__Data for this task__.
╭──

lemma signed_harmonic_sums_divisors_subset:
  assumes "finite B" "L > 0" "\<And>d. d \<in> B \<Longrightarrow> d dvd L"
  defines "S \<equiv> \<Sum>d\<in>B. L div d"
  shows "signed_harmonic_sums B \<subseteq> (\<lambda>j. (2 * real j - real S) / real L) ` {0..S}"
proof
  fix x assume "x \<in> signed_harmonic_sums B"
  then obtain s where s: "s \<in> B \<rightarrow>\<^sub>E {-1, 1}" and x: "x = (\<Sum>d\<in>B. s d / real d)"
    unfolding signed_harmonic_sums_def by auto
  define j where "j = (\<Sum>d\<in>{d\<in>B. s d = 1}. L div d)"
  have "j \<le> S"
    unfolding j_def S_def using assms(1) by (intro sum_mono2) auto
  have term_eq: "s d / real d = (2 * (if s d = 1 then real (L div d) else 0) - real (L div d)) / real L"
    if "d \<in> B" for d
  proof -
    have "real d * real (L div d) = real L"
      using assms(3)[OF that] by (metis dvd_mult_div_cancel of_nat_mult)
    moreover have "d > 0"
      using assms(2) assms(3)[OF that] by (rule dvd_pos_nat)
    ultimately have "1 / real d = real (L div d) / real L"
      using assms(2) by (simp add: field_simps)
    moreover have "s d = -1 \<or> s d = 1"
      using s that by auto
    ultimately show ?thesis
      by auto
  qed
  have "x = (2 * (\<Sum>d\<in>B. if s d = 1 then real (L div d) else 0) - (\<Sum>d\<in>B. real (L div d))) / real L"
    unfolding x using term_eq by (simp add: sum_divide_distrib[symmetric] sum_subtractf sum_distrib_left)
  also have "\<dots> = (2 * real j - real S) / real L"
    unfolding j_def S_def using assms(1) by (simp add: sum.inter_filter[symmetric])
  finally show "x \<in> (\<lambda>j. (2 * real j - real S) / real L) ` {0..S}"
    using \<open>j \<le> S\<close> by auto
qed

lemma card_signed_harmonic_sums_divisors_le:
  assumes "finite B" "L > 0" "\<And>d. d \<in> B \<Longrightarrow> d dvd L"
  shows "card (signed_harmonic_sums B) \<le> (\<Sum>d\<in>B. L div d) + 1"
proof -
  have "card (signed_harmonic_sums B)
      \<le> card ((\<lambda>j. (2 * real j - real (\<Sum>d\<in>B. L div d)) / real L) ` {0..\<Sum>d\<in>B. L div d})"
    using assms by (intro card_mono signed_harmonic_sums_divisors_subset) simp_all
  also have "\<dots> \<le> card {0..\<Sum>d\<in>B. L div d}"
    by (rule card_image_le) simp
  finally show ?thesis
    by simp
qed

lemma card_signed_harmonic_sums_blocks_le:
  assumes "finite I" "finite A" "\<And>n. n \<in> A \<Longrightarrow> G n \<subseteq> I" "disjoint_family_on G A"
    and "\<And>n. n \<in> A \<Longrightarrow> real (card (signed_harmonic_sums (G n))) \<le> c n"
  shows "real (card (signed_harmonic_sums I)) \<le> 2 ^ card I * (\<Prod>n\<in>A. c n / 2 ^ card (G n))"
proof -
  define U where "U = (\<Union>n\<in>A. G n)"
  have "U \<subseteq> I"
    unfolding U_def using assms(3) by blast
  then have "finite U"
    using assms(1) by (rule finite_subset)
  have finG: "finite (G n)" if "n \<in> A" for n
    using assms(1,3) that by (meson finite_subset)
  have "card (signed_harmonic_sums (U \<union> (I - U)))
      \<le> card (signed_harmonic_sums U) * card (signed_harmonic_sums (I - U))"
    using assms(1) \<open>finite U\<close> by (intro card_signed_harmonic_sums_Un_le) auto
  moreover have "U \<union> (I - U) = I"
    using \<open>U \<subseteq> I\<close> by blast
  ultimately have "card (signed_harmonic_sums I)
      \<le> card (signed_harmonic_sums U) * card (signed_harmonic_sums (I - U))"
    by simp
  also have "\<dots> \<le> (\<Prod>n\<in>A. card (signed_harmonic_sums (G n))) * 2 ^ card (I - U)"
    unfolding U_def using assms(1,2,4) finG
    by (intro mult_le_mono card_signed_harmonic_sums_UN_le card_signed_harmonic_sums_le) simp_all
  finally have "real (card (signed_harmonic_sums I))
      \<le> real ((\<Prod>n\<in>A. card (signed_harmonic_sums (G n))) * 2 ^ card (I - U))"
    by (rule of_nat_mono)
  also have "\<dots> = (\<Prod>n\<in>A. real (card (signed_harmonic_sums (G n)))) * 2 ^ card (I - U)"
    by simp
  also have "\<dots> \<le> (\<Prod>n\<in>A. c n) * 2 ^ card (I - U)"
    using assms(5) by (intro mult_right_mono prod_mono) auto
  also have "card (I - U) = card I - (\<Sum>n\<in>A. card (G n))"
    using \<open>U \<subseteq> I\<close> \<open>finite U\<close> assms(2,4) finG
    by (simp add: card_Diff_subset U_def card_UN_disjoint')
  also have "(2::real) ^ (card I - (\<Sum>n\<in>A. card (G n))) = 2 ^ card I / (\<Prod>n\<in>A. 2 ^ card (G n))"
  proof -
    have "(\<Sum>n\<in>A. card (G n)) \<le> card I"
      using \<open>U \<subseteq> I\<close> assms(1,2,4) finG card_mono[of I U]
      by (simp add: U_def card_UN_disjoint')
    then show ?thesis
      by (simp add: power_diff power_sum)
  qed
  finally show ?thesis
    by (simp add: prod_dividef mult.commute)
qed

lemma coprime_mult_divisors_eq:
  fixes n m d e L :: nat
  assumes "coprime n L" "coprime m L" "d dvd L" "e dvd L" "n * d = m * e"
  shows "n = m"
proof (rule dvd_antisym)
  have "coprime n e" "coprime m d"
    using assms coprime_divisors[OF dvd_refl] by blast+
  moreover have "n dvd m * e" "m dvd n * d"
    using assms(5) by (metis dvd_triv_left)+
  ultimately show "n dvd m" "m dvd n"
    by (simp_all add: coprime_dvd_mult_left_iff)
qed

lemma coprime_24_if_coprime_6:
  assumes "coprime n (6::nat)"
  shows "coprime n 24"
proof -
  have "coprime n ((6::nat) ^ 3)"
    using assms coprime_power_right_iff by blast
  then show ?thesis
    using coprime_divisors[of n n 24 "6 ^ 3"] by simp
qed

lemma card_coprime_6_atLeastAtMost_ge: "2 * (M div 6) \<le> card {n\<in>{1..M}. coprime n (6::nat)}"
proof -
  define q where "q = M div 6"
  have coprime_6: "coprime (6 * k + r) (6::nat)" if "r = 1 \<or> r = 5" for k r
  proof -
    have "gcd 6 (k * 6 + r) = gcd 6 r"
      by (rule gcd_add_mult)
    moreover have "gcd 6 r = 1"
      using that by (auto simp: gcd_non_0_nat)
    ultimately show ?thesis
      by (simp add: coprime_iff_gcd_eq_1 gcd.commute mult.commute)
  qed
  have "(\<lambda>k. 6 * k + 1) ` {..<q} \<union> (\<lambda>k. 6 * k + 5) ` {..<q} \<subseteq> {n\<in>{1..M}. coprime n 6}"
    using coprime_6[of 1] coprime_6[of 5] unfolding q_def by auto
  then have "card ((\<lambda>k. 6 * k + 1) ` {..<q} \<union> (\<lambda>k. 6 * k + 5) ` {..<q})
      \<le> card {n\<in>{1..M}. coprime n (6::nat)}"
    by (intro card_mono) auto
  moreover have "(\<lambda>k. 6 * k + 1) ` {..<q} \<inter> (\<lambda>k. 6 * k + (5::nat)) ` {..<q} = {}"
    by auto presburger
  ultimately show ?thesis
    unfolding q_def by (simp add: card_Un_disjoint card_image inj_on_def)
qed

definition harmonic_block :: "nat \<Rightarrow> nat \<Rightarrow> nat set" where
  "harmonic_block N n =
     (*) n ` (if 24 * n \<le> N then {1, 2, 3, 4, 6, 8, 12, 24} else {1, 2, 3, 4, 6, 12})"

lemma harmonic_block_subset:
  assumes "0 < n" "12 * n \<le> N"
  shows "harmonic_block N n \<subseteq> {1..N}"
proof -
  define K :: nat where "K = (if 24 * n \<le> N then 24 else 12)"
  have "harmonic_block N n \<subseteq> (*) n ` {1..K}"
    unfolding harmonic_block_def K_def by auto
  moreover have "n * K \<le> N"
    using assms(2) unfolding K_def by (simp add: mult.commute)
  then have "n * d \<le> N" if "d \<le> K" for d
    using that by (meson le_trans mult_le_mono2)
  ultimately show ?thesis
    using assms(1) by fastforce
qed

lemma disjoint_family_on_image_mult_divisors:
  fixes L :: nat
  assumes "\<And>d. d \<in> D \<Longrightarrow> d dvd L"
  shows "disjoint_family_on (\<lambda>n. (*) n ` D) {n. coprime n L}"
  unfolding disjoint_family_on_def
proof (intro ballI impI)
  fix n m
  assume "n \<in> {n. coprime n L}" "m \<in> {n. coprime n L}" "n \<noteq> m"
  then have "n * d \<noteq> m * e" if "d \<in> D" "e \<in> D" for d e
    using coprime_mult_divisors_eq[of n L m d e] assms[OF that(1)] assms[OF that(2)] by auto
  then show "(*) n ` D \<inter> (*) m ` D = {}"
    by blast
qed

lemma disjoint_family_on_harmonic_block:
  "disjoint_family_on (harmonic_block N) {n. coprime n 6}"
proof -
  have "disjoint_family_on (\<lambda>n. (*) n ` {1, 2, 3, 4, 6, 8, 12, 24}) {n. coprime n (24::nat)}"
    by (rule disjoint_family_on_image_mult_divisors) auto
  moreover have "harmonic_block N n \<subseteq> (*) n ` {1, 2, 3, 4, 6, 8, 12, 24}" for n
    unfolding harmonic_block_def by auto
  ultimately show ?thesis
    unfolding disjoint_family_on_def using coprime_24_if_coprime_6 by (metis mem_Collect_eq subset_empty Int_mono)
qed

lemma card_harmonic_block:
  assumes "0 < n"
  shows "card (harmonic_block N n) = (if 24 * n \<le> N then 8 else 6)"
proof -
  have "inj_on ((*) n) D" for D
    using assms by (auto simp: inj_on_def)
  then show ?thesis
    unfolding harmonic_block_def by (simp add: card_image)
qed

lemma card_signed_harmonic_sums_harmonic_block_le:
  assumes "0 < n"
  shows "card (signed_harmonic_sums (harmonic_block N n)) \<le> (if 24 * n \<le> N then 61 else 29)"
proof -
  have scale: "card (signed_harmonic_sums ((*) n ` D)) \<le> card (signed_harmonic_sums D)"
    if "finite D" for D
    using assms that by (rule card_signed_harmonic_sums_image_mult_le)
  have "card (signed_harmonic_sums {1, 2, 3, 4, 6, 8, 12, 24})
      \<le> (\<Sum>d\<in>{1, 2, 3, 4, 6, 8, 12, 24}. 24 div d) + 1"
    by (rule card_signed_harmonic_sums_divisors_le) auto
  moreover have "card (signed_harmonic_sums {1, 2, 3, 4, 6, 12})
      \<le> (\<Sum>d\<in>{1, 2, 3, 4, 6, 12}. 12 div d) + 1"
    by (rule card_signed_harmonic_sums_divisors_le) auto
  ultimately show ?thesis
    unfolding harmonic_block_def
    using scale[of "{1, 2, 3, 4, 6, 8, 12, 24}"] scale[of "{1, 2, 3, 4, 6, 12}"] by simp
qed

lemma card_signed_harmonic_sums_atLeastAtMost_le:
  "real (card (signed_harmonic_sums {1..N}))
    \<le> 2 ^ N * (29/64) ^ card {n\<in>{1..N div 12}. coprime n (6::nat)}
        * (61/116) ^ card {n\<in>{1..N div 24}. coprime n (6::nat)}"
proof -
  define A where "A = {n\<in>{1..N div 12}. coprime n (6::nat)}"
  define c :: "nat \<Rightarrow> real" where "c n = (if 24 * n \<le> N then 61 else 29)" for n
  have "disjoint_family_on (harmonic_block N) A"
    using disjoint_family_on_harmonic_block by (rule disjoint_family_on_mono[rotated]) (auto simp: A_def)
  moreover have "real (card (signed_harmonic_sums (harmonic_block N n))) \<le> c n" if "n \<in> A" for n
    using card_signed_harmonic_sums_harmonic_block_le[of n N] that
    unfolding A_def c_def by (auto simp flip: of_nat_le_iff)
  moreover have "harmonic_block N n \<subseteq> {1..N}" if "n \<in> A" for n
    using that by (intro harmonic_block_subset) (auto simp: A_def less_eq_div_iff_mult_less_eq)
  ultimately have "real (card (signed_harmonic_sums {1..N}))
      \<le> 2 ^ card {1..N} * (\<Prod>n\<in>A. c n / 2 ^ card (harmonic_block N n))"
    by (intro card_signed_harmonic_sums_blocks_le) (auto simp: A_def)
  also have "(\<Prod>n\<in>A. c n / 2 ^ card (harmonic_block N n))
      = (\<Prod>n\<in>A. 29/64 * (if 24 * n \<le> N then 61/116 else 1))"
    by (rule prod.cong) (auto simp: A_def c_def card_harmonic_block)
  also have "\<dots> = (29/64) ^ card A * (\<Prod>n\<in>A. if 24 * n \<le> N then 61/116 else 1)"
    by (simp only: prod.distrib prod_constant)
  also have "(\<Prod>n\<in>A. if 24 * n \<le> N then 61/116 else 1) = (61/116::real) ^ card (A \<inter> {n. 24 * n \<le> N})"
    by (simp add: prod.If_cases A_def)
  also have "A \<inter> {n. 24 * n \<le> N} = {n\<in>{1..N div 24}. coprime n 6}"
    unfolding A_def by auto
  finally show ?thesis
    unfolding A_def by simp
qed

╰──

__Goal of the exercise__.
In the entries above, please find the line with "by (rule of_nat_mono)" and the line with "fixes n m d e L :: nat", then write out exactly those two lines and every line between them, and nothing more.

__Answer to the problem__.
    by (rule of_nat_mono)
  also have "\<dots> = (\<Prod>n\<in>A. real (card (signed_harmonic_sums (G n)))) * 2 ^ card (I - U)"
    by simp
  also have "\<dots> \<le> (\<Prod>n\<in>A. c n) * 2 ^ card (I - U)"
    using assms(5) by (intro mult_right_mono prod_mono) auto
  also have "card (I - U) = card I - (\<Sum>n\<in>A. card (G n))"
    using \<open>U \<subseteq> I\<close> \<open>finite U\<close> assms(2,4) finG
    by (simp add: card_Diff_subset U_def card_UN_disjoint')
  also have "(2::real) ^ (card I - (\<Sum>n\<in>A. card (G n))) = 2 ^ card I / (\<Prod>n\<in>A. 2 ^ card (G n))"
  proof -
    have "(\<Sum>n\<in>A. card (G n)) \<le> card I"
      using \<open>U \<subseteq> I\<close> assms(1,2,4) finG card_mono[of I U]
      by (simp add: U_def card_UN_disjoint')
    then show ?thesis
      by (simp add: power_diff power_sum)
  qed
  finally show ?thesis
    by (simp add: prod_dividef mult.commute)
qed

lemma coprime_mult_divisors_eq:
  fixes n m d e L :: nat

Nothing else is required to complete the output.